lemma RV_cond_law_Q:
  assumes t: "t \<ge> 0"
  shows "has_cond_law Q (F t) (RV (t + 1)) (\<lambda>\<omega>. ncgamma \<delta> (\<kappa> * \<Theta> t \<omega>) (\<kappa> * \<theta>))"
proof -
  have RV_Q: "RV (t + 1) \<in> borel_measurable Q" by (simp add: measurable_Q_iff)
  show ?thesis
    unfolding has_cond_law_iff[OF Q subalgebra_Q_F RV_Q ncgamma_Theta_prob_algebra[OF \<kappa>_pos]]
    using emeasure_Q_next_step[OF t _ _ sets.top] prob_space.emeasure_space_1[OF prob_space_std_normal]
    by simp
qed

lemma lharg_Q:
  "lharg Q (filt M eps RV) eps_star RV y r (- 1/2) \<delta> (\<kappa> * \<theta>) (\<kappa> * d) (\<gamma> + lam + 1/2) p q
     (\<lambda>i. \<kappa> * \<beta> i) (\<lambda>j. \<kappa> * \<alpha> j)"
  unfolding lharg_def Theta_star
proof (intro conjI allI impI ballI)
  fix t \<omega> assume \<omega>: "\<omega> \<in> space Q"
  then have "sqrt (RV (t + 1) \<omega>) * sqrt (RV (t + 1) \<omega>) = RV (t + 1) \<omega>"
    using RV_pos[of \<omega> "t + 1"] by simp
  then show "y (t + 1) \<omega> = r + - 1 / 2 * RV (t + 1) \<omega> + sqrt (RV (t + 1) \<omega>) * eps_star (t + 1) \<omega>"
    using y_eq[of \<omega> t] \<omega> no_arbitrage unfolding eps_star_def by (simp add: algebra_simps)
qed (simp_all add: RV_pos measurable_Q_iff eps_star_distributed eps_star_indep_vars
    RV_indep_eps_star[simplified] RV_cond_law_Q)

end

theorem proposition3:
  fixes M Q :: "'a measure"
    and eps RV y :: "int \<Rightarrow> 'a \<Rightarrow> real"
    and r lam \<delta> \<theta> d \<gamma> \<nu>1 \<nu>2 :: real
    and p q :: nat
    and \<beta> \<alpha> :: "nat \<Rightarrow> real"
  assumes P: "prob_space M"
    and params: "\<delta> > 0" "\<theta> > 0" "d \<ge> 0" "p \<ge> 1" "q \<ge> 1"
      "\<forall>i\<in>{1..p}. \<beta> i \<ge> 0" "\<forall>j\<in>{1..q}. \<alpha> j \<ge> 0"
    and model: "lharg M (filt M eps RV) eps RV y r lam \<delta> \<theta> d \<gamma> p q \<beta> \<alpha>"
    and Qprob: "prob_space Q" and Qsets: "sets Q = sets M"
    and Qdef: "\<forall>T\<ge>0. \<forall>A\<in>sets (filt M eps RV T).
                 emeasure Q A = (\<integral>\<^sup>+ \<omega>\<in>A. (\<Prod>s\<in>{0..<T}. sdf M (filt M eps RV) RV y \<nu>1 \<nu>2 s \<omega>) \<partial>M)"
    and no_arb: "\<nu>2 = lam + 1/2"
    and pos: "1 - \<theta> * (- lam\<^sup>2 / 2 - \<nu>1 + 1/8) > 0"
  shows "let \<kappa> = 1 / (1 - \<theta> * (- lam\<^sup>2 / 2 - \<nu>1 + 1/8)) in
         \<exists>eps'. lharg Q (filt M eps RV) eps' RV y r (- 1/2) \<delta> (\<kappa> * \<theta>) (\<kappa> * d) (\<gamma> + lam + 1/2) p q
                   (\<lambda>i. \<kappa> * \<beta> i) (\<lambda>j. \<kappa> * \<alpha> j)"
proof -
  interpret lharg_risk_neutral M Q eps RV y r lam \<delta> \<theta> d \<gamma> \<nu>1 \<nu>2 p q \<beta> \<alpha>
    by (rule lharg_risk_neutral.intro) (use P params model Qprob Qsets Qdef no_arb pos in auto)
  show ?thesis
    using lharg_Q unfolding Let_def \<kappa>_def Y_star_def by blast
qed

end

* * * *

--- Exercise details ---
Begin with the first line of the listing above and write out each line exactly, ending with the line that contains "fix t \<omega>".

--- Exercise answer ---
lemma RV_cond_law_Q:
  assumes t: "t \<ge> 0"
  shows "has_cond_law Q (F t) (RV (t + 1)) (\<lambda>\<omega>. ncgamma \<delta> (\<kappa> * \<Theta> t \<omega>) (\<kappa> * \<theta>))"
proof -
  have RV_Q: "RV (t + 1) \<in> borel_measurable Q" by (simp add: measurable_Q_iff)
  show ?thesis
    unfolding has_cond_law_iff[OF Q subalgebra_Q_F RV_Q ncgamma_Theta_prob_algebra[OF \<kappa>_pos]]
    using emeasure_Q_next_step[OF t _ _ sets.top] prob_space.emeasure_space_1[OF prob_space_std_normal]
    by simp
qed

lemma lharg_Q:
  "lharg Q (filt M eps RV) eps_star RV y r (- 1/2) \<delta> (\<kappa> * \<theta>) (\<kappa> * d) (\<gamma> + lam + 1/2) p q
     (\<lambda>i. \<kappa> * \<beta> i) (\<lambda>j. \<kappa> * \<alpha> j)"
  unfolding lharg_def Theta_star
proof (intro conjI allI impI ballI)
  fix t \<omega> assume \<omega>: "\<omega> \<in> space Q"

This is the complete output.